Write out exactly the lines below that run from the one containing "(cis (of_int j" through the one containing "by (simp add: cis_cnj", both included, with no other lines.

(Dataset entries)
──────────
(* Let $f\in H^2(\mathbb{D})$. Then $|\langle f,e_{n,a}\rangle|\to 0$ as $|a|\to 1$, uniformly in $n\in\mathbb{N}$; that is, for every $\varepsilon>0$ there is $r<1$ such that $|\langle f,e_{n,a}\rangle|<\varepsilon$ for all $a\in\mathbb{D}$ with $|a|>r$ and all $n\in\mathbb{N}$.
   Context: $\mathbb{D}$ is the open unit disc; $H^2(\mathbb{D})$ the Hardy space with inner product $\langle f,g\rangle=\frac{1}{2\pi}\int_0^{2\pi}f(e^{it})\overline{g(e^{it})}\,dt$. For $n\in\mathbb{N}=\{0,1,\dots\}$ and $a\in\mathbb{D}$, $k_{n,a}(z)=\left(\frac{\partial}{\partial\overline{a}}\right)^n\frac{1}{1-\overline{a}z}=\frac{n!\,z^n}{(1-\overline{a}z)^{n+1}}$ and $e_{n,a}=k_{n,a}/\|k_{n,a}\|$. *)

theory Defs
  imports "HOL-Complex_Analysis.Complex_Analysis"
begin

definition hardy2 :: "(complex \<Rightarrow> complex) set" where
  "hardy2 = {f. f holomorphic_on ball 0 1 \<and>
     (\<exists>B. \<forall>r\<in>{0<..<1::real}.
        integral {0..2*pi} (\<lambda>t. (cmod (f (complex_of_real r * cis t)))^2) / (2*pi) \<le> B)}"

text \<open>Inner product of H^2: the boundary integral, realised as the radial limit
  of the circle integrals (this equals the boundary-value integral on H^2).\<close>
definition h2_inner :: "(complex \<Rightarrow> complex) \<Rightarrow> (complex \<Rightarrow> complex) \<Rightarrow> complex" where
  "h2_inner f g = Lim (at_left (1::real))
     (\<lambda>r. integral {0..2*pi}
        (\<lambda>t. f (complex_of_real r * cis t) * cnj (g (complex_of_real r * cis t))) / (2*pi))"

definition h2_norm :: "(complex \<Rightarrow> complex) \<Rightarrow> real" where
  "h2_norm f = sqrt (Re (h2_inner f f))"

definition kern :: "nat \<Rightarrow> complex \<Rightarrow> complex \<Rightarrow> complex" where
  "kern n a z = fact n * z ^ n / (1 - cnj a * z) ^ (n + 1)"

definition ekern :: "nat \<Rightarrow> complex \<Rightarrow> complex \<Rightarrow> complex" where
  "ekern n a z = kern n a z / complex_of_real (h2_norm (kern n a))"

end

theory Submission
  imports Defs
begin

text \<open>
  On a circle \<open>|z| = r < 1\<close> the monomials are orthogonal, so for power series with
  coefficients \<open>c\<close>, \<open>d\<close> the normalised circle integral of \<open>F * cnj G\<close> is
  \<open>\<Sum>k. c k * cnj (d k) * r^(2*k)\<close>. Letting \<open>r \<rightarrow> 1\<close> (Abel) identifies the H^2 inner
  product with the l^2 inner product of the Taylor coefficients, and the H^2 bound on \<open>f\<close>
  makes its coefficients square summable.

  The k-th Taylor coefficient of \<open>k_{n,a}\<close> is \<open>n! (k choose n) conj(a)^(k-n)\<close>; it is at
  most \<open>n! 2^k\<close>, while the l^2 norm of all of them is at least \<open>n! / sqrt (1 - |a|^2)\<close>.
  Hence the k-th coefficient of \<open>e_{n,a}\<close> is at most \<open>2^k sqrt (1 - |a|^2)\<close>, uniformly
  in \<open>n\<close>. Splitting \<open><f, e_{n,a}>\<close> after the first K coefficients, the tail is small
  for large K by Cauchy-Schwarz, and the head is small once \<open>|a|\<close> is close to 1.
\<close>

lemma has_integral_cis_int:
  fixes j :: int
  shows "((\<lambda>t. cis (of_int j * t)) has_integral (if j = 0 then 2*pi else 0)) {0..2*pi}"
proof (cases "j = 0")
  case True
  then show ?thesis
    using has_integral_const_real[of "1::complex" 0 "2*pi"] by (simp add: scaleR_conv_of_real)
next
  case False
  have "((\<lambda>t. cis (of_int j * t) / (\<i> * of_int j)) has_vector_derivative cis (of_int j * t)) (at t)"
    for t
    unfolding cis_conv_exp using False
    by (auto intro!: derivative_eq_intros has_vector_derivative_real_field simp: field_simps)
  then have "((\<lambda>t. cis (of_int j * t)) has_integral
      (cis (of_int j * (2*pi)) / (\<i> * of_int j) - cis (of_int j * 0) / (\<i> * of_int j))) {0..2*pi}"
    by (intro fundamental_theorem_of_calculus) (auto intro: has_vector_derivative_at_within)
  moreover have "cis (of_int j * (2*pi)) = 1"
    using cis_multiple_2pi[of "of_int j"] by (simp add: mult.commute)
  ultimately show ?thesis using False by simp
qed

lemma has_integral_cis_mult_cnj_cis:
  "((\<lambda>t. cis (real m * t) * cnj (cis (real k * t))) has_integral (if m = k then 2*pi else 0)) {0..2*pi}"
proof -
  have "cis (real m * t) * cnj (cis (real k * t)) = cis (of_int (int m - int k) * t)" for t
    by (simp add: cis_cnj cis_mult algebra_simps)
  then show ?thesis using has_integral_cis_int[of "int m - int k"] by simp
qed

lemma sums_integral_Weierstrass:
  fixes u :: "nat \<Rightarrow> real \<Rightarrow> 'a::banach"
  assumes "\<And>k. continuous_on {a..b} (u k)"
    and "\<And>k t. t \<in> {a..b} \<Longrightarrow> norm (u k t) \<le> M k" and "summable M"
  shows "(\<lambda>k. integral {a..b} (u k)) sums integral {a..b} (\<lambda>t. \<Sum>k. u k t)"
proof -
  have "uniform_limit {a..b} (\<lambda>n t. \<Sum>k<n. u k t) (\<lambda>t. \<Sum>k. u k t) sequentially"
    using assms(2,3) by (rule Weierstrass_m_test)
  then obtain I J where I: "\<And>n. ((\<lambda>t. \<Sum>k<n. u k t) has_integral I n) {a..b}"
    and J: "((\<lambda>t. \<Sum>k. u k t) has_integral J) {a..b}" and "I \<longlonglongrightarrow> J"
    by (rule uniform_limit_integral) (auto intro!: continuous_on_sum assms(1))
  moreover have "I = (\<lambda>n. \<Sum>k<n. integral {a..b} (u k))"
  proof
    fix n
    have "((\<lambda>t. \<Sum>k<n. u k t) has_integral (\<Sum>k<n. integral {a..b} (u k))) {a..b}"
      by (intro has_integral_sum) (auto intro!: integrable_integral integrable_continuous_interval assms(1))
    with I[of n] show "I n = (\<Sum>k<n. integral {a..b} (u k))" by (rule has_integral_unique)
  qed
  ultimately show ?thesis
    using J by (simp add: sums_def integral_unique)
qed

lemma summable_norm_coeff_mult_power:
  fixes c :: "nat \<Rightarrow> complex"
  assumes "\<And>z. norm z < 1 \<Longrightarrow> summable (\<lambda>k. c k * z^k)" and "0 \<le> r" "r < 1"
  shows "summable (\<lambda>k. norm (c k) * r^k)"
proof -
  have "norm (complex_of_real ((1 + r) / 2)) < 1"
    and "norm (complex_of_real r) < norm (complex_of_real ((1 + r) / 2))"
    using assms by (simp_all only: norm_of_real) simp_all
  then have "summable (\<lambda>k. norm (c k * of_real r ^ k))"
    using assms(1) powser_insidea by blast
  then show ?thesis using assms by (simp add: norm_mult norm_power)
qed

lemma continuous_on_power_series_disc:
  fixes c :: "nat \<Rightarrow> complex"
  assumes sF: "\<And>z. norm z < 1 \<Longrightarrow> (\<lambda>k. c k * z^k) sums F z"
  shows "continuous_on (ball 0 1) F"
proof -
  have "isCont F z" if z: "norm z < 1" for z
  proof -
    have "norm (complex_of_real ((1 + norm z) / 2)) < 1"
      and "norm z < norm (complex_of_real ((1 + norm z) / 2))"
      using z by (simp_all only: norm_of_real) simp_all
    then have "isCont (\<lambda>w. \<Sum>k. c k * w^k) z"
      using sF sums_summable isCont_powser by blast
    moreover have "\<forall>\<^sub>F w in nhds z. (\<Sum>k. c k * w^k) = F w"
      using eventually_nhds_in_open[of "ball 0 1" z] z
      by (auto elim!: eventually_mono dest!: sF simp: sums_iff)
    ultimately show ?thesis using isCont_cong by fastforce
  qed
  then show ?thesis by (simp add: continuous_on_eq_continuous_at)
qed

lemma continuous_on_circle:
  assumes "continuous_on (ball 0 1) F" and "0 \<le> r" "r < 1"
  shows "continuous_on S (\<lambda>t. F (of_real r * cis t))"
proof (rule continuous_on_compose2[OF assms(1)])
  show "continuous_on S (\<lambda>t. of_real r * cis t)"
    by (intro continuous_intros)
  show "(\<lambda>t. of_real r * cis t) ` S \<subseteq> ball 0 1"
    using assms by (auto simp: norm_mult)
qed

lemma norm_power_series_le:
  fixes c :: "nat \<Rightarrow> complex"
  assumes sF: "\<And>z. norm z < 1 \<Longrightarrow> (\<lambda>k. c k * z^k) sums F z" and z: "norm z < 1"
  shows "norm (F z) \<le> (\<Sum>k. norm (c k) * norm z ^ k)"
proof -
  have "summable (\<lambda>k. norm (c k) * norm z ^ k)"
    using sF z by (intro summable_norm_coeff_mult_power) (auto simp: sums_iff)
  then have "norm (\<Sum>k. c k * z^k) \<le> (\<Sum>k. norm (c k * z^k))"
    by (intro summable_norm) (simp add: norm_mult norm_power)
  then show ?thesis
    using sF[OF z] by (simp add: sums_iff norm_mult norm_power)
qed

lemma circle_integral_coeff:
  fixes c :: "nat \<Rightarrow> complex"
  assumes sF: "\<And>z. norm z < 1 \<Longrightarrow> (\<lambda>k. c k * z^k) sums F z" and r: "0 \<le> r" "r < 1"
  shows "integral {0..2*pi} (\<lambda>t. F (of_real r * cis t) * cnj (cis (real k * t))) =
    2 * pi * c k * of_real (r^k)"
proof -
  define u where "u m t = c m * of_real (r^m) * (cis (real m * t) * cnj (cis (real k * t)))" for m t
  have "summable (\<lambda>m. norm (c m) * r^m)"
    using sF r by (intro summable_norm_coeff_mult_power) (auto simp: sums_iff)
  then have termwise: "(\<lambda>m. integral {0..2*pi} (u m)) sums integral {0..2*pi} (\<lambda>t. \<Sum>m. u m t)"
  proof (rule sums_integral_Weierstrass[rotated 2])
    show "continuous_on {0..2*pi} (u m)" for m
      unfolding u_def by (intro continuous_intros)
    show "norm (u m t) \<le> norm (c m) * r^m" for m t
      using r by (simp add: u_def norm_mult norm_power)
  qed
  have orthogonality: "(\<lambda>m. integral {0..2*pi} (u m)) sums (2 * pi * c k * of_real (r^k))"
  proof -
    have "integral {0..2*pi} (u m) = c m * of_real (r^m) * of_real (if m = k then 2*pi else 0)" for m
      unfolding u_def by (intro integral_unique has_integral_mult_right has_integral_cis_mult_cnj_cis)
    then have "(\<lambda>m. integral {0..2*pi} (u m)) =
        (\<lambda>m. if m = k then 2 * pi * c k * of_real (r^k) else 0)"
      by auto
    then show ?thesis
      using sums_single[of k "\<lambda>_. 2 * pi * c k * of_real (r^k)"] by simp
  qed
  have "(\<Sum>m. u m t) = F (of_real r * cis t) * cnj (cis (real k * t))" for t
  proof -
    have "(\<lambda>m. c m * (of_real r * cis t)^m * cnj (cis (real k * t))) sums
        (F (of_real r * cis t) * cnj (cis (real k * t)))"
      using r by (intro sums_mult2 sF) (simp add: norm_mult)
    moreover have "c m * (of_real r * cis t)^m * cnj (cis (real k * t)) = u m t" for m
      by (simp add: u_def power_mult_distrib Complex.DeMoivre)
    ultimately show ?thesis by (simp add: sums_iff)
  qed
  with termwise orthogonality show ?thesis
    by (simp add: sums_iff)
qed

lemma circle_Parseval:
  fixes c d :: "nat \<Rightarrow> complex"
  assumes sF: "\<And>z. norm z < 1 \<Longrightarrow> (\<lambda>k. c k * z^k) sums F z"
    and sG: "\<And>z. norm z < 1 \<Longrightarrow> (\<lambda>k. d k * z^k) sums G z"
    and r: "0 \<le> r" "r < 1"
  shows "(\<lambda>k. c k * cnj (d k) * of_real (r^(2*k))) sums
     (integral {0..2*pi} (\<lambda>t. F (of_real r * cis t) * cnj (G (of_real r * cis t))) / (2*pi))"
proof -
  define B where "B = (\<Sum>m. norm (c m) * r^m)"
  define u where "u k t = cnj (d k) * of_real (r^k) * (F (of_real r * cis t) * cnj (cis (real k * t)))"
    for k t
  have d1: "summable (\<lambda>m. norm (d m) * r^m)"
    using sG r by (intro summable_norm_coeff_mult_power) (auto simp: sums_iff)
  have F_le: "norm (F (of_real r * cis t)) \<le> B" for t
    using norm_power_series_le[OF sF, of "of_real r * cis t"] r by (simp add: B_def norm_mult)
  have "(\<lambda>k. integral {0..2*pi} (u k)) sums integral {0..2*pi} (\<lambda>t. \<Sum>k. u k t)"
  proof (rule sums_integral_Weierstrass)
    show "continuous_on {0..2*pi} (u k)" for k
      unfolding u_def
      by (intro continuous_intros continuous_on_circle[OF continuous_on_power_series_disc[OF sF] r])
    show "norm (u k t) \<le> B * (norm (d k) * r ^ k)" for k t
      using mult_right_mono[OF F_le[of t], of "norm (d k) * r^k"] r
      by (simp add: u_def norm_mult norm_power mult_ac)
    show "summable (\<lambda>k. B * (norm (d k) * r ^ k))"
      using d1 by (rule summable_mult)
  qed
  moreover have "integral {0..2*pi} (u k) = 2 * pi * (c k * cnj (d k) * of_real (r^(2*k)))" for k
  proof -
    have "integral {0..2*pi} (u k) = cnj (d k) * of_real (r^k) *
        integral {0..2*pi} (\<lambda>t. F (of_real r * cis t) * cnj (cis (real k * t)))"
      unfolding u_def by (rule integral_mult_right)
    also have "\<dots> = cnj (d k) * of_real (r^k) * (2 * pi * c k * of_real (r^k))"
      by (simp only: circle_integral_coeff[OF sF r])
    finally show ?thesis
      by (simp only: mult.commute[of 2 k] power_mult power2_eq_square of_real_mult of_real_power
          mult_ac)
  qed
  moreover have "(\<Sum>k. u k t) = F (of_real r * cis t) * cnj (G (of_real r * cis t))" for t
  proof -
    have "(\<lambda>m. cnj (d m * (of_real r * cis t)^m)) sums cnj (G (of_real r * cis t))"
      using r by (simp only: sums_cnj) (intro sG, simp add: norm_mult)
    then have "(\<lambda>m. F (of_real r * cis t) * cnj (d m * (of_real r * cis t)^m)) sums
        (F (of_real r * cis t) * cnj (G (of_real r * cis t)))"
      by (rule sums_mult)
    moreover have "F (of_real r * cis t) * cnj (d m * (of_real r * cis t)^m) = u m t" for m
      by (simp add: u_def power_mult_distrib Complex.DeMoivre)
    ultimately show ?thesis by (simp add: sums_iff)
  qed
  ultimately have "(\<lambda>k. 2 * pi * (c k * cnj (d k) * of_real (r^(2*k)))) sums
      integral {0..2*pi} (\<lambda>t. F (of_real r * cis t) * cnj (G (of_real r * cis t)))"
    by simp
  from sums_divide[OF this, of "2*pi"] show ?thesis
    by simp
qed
──────────
- RESULT OF THIS EXERCISE
      (cis (of_int j * (2*pi)) / (\<i> * of_int j) - cis (of_int j * 0) / (\<i> * of_int j))) {0..2*pi}"
    by (intro fundamental_theorem_of_calculus) (auto intro: has_vector_derivative_at_within)
  moreover have "cis (of_int j * (2*pi)) = 1"
    using cis_multiple_2pi[of "of_int j"] by (simp add: mult.commute)
  ultimately show ?thesis using False by simp
qed

lemma has_integral_cis_mult_cnj_cis:
  "((\<lambda>t. cis (real m * t) * cnj (cis (real k * t))) has_integral (if m = k then 2*pi else 0)) {0..2*pi}"
proof -
  have "cis (real m * t) * cnj (cis (real k * t)) = cis (of_int (int m - int k) * t)" for t
    by (simp add: cis_cnj cis_mult algebra_simps)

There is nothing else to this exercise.